I use old unusable sleds and ice skates to decorate in the winter. Kind of a nostalgia look to them. 

I also like to put ceramic type birds and animals in my garden and around the farm. If there is a broken part oh well, that part goes into the ground. Picture pigs rooting with their snouts deep into the ground b/c the snout actually broke off and you get the idea. 

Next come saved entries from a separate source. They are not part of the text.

definition graph_iso :: "'a graph \<Rightarrow> 'b graph \<Rightarrow> bool" where
  "graph_iso G H \<longleftrightarrow> (\<exists>f. bij_betw f (fst G) (fst H) \<and>
     (\<forall>u\<in>fst G. \<forall>v\<in>fst G. adj G u v \<longleftrightarrow> adj H (f u) (f v)))"

definition induced :: "'a graph \<Rightarrow> 'a set \<Rightarrow> 'a graph" where
  "induced G S = (S, {e \<in> snd G. e \<subseteq> S})"

definition isoclass :: "'a graph \<Rightarrow> nat graph set" where
  "isoclass G = {H. wf_graph H \<and> graph_iso G H}"

definition deck :: "nat \<Rightarrow> 'a graph \<Rightarrow> nat graph set multiset" where
  "deck k G = image_mset (\<lambda>S. isoclass (induced G S))
                (mset_set {S. S \<subseteq> fst G \<and> card S = k})"

definition components :: "'a graph \<Rightarrow> 'a set set" where
  "components G = (\<lambda>v. {w \<in> fst G. (adj G)\<^sup>*\<^sup>* v w}) ` fst G"

definition big_components :: "nat \<Rightarrow> 'a graph \<Rightarrow> nat graph set multiset" where
  "big_components k G = image_mset (\<lambda>C. isoclass (induced G C))
                (mset_set {C \<in> components G. card C > k})"

end

theory Submission
  imports Defs "HOL-Library.Disjoint_Sets" "HOL-Combinatorics.Permutations"
begin

text \<open>
  For a graph F on at most k vertices, double counting the pairs (T, S) with T an induced copy
  of F inside a k-subset S shows that the number of induced copies of F is determined by the
  k-deck (Kelly's lemma). If F is connected, every induced copy lies inside a single component, so
  the number of copies of F equals the number of components isomorphic to F plus the numbers of
  copies of F inside the components with more than |F| vertices. Hence, once the components with
  more than j + 1 vertices are known up to isomorphism, so are those with exactly j + 1 vertices.
  Descending from the hypothesis for j = k to j = 0, H and G have the same multiset of components,
  and isomorphisms between matched components glue to an isomorphism of H and G.
\<close>

section \<open>Graphs and isomorphism\<close>

lemma adj_commute: "adj G u v \<longleftrightarrow> adj G v u"
  by (simp add: adj_def insert_commute)

lemma adj_in_vertices: "wf_graph G \<Longrightarrow> adj G u v \<Longrightarrow> u \<in> fst G \<and> v \<in> fst G"
  unfolding wf_graph_def adj_def by blast

lemma fst_induced [simp]: "fst (induced G S) = S"
  by (simp add: induced_def)

lemma adj_induced: "adj (induced G S) u v \<longleftrightarrow> adj G u v \<and> u \<in> S \<and> v \<in> S"
  by (auto simp: adj_def induced_def)

lemma induced_induced: "T \<subseteq> S \<Longrightarrow> induced (induced G S) T = induced G T"
  by (auto simp: induced_def)

lemma wf_graph_induced: "wf_graph G \<Longrightarrow> S \<subseteq> fst G \<Longrightarrow> wf_graph (induced G S)"
  unfolding wf_graph_def induced_def by (auto intro: finite_subset)

lemma induced_vertices: "wf_graph G \<Longrightarrow> induced G (fst G) = G"
  unfolding wf_graph_def induced_def by (cases G) auto

lemma graph_iso_sym: "graph_iso G H \<Longrightarrow> graph_iso H G"
proof -
  assume "graph_iso G H"
  then obtain f where f: "bij_betw f (fst G) (fst H)"
    and adj_f: "\<forall>u\<in>fst G. \<forall>v\<in>fst G. adj G u v \<longleftrightarrow> adj H (f u) (f v)"
    unfolding graph_iso_def by blast
  let ?g = "inv_into (fst G) f"
  have "adj H u v \<longleftrightarrow> adj G (?g u) (?g v)" if "u \<in> fst H" "v \<in> fst H" for u v
  proof -
    have "?g u \<in> fst G" "?g v \<in> fst G"
      using that bij_betwE[OF bij_betw_inv_into[OF f]] by blast+
    moreover have "f (?g u) = u" "f (?g v) = v"
      using that bij_betw_inv_into_right[OF f] by blast+
    ultimately show ?thesis
      using adj_f by metis
  qed
  with bij_betw_inv_into[OF f] show ?thesis
    unfolding graph_iso_def by blast
qed

lemma graph_iso_trans: "graph_iso G H \<Longrightarrow> graph_iso H K \<Longrightarrow> graph_iso G K"
proof -
  assume "graph_iso G H" "graph_iso H K"
  then obtain f g where f: "bij_betw f (fst G) (fst H)" and g: "bij_betw g (fst H) (fst K)"
    and adj_f: "\<forall>u\<in>fst G. \<forall>v\<in>fst G. adj G u v \<longleftrightarrow> adj H (f u) (f v)"
    and adj_g: "\<forall>u\<in>fst H. \<forall>v\<in>fst H. adj H u v \<longleftrightarrow> adj K (g u) (g v)"
    unfolding graph_iso_def by blast
  have "adj G u v \<longleftrightarrow> adj K (g (f u)) (g (f v))" if "u \<in> fst G" "v \<in> fst G" for u v
    using adj_f adj_g bij_betwE[OF f] that by blast
  with bij_betw_trans[OF f g] show ?thesis
    unfolding graph_iso_def by auto
qed

lemma graph_iso_card: "graph_iso G H \<Longrightarrow> card (fst G) = card (fst H)"
  unfolding graph_iso_def using bij_betw_same_card by blast

lemma graph_iso_induced:
  assumes f: "bij_betw f (fst G) (fst H)"
    and adj_f: "\<forall>u\<in>fst G. \<forall>v\<in>fst G. adj G u v \<longleftrightarrow> adj H (f u) (f v)"
    and S: "S \<subseteq> fst G"
  shows "graph_iso (induced G S) (induced H (f ` S))"
proof -
  have "bij_betw f S (f ` S)"
    using S f by (meson bij_betw_imp_inj_on bij_betw_subset inj_on_imp_bij_betw)
  moreover have "adj (induced G S) u v \<longleftrightarrow> adj (induced H (f ` S)) (f u) (f v)"
    if "u \<in> S" "v \<in> S" for u v
    using that S adj_f by (auto simp: adj_induced)
  ultimately show ?thesis
    unfolding graph_iso_def by auto
qed

definition map_graph :: "('a \<Rightarrow> 'b) \<Rightarrow> 'a graph \<Rightarrow> 'b graph" where
  "map_graph h G = (h ` fst G, image h ` snd G)"

lemma
  assumes G: "wf_graph G" and h: "inj_on h (fst G)"
  shows wf_graph_map_graph: "wf_graph (map_graph h G)"
    and graph_iso_map_graph: "graph_iso G (map_graph h G)"
proof -
  have edge: "e \<subseteq> fst G" "card e = 2" if "e \<in> snd G" for e
    using G that unfolding wf_graph_def by auto
  have "card (h ` e) = 2" if "e \<in> snd G" for e
    using edge[OF that] card_image[OF inj_on_subset[OF h]] by simp
  then show "wf_graph (map_graph h G)"
    using G edge unfolding wf_graph_def map_graph_def by auto
  have "adj G u v \<longleftrightarrow> adj (map_graph h G) (h u) (h v)" if "u \<in> fst G" "v \<in> fst G" for u v
  proof -
    have "h ` {u, v} = h ` e \<longleftrightarrow> {u, v} = e" if "e \<in> snd G" for e
      using inj_on_image_eq_iff[OF h] edge(1)[OF that] \<open>u \<in> fst G\<close> \<open>v \<in> fst G\<close> by blast
    then show ?thesis
      unfolding adj_def map_graph_def by (auto simp: image_iff)
  qed
  moreover have "bij_betw h (fst G) (fst (map_graph h G))"
    using h by (simp add: map_graph_def inj_on_imp_bij_betw)
  ultimately show "graph_iso G (map_graph h G)"
    unfolding graph_iso_def by blast
qed

lemma ex_nat_graph_iso:
  assumes "wf_graph G"
  obtains H :: "nat graph" where "wf_graph H" "graph_iso G H"
proof -
  have "finite (fst G)"
    using assms by (simp add: wf_graph_def)
  then obtain h :: "'a \<Rightarrow> nat" where "inj_on h (fst G)"
    using finite_imp_inj_to_nat_seg by blast
  with assms show ?thesis
    using that wf_graph_map_graph graph_iso_map_graph by blast
qed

I have three different types of tiered metal plant holder/stands that I am going to spray paint this spring/summer and use to hold some annuals to decorate with out by the garden and/or in plain areas that the soil is not good enough to plant in for whatever reason.


----------



## mustangsally17

http://www.robomargo.com/yardart.html
http://www.robomargo.com/bench.html
There are a few ideas on these sites. I also have an old wash tub for flowers and an old chair i used a jig saw and cute a circle out of the seat replaced it with chicken wire and moss and planted flowers in it, also I glued a tea cup to the saucer with E6000 glue and glued it to a sturdy limb stuck it in the ground and yes, planted flowers in it. ummm I also planted flowers in a bird bath and made a window box out of twigs, branches and birch bark..


----------



## Timberline

I mounted an old chicken 10 hole nest box on the outside of my coop. It's cute with a plant in each hole during the summer. Saw it done in a magazine and was glad to find a use for the old nest box.


----------



## newfieannie

out under the snow i have a washtub and a pump over it. on the other side of the yard is a large coffee pot i got off a ship. i do have lots of antique milk cans and pots around summer time but have them all in the shed in winter. i already got a chair like Sally mentioned . i just have to cut a hole in it for when i start again in the spring. i'm always looking for more. ~Georgia.


----------



## PonderosaQ

GardenWeb.com has a Garden Junk Forum. There are more ideas there than any of us has time to make. Lots have nice clear step by step directions as well as great pictures. A great way to have fun and not spend money..or very little. Glad you brought this up as it is a good time of year to get going and make some nice perky things before the garden needs our attention.


----------



## GrannyG

Will be redoing this old metal table top....it is sitting on the legs of a wash tub holder....intend to put the table top on an antique table to use in the house for rolling out my dough....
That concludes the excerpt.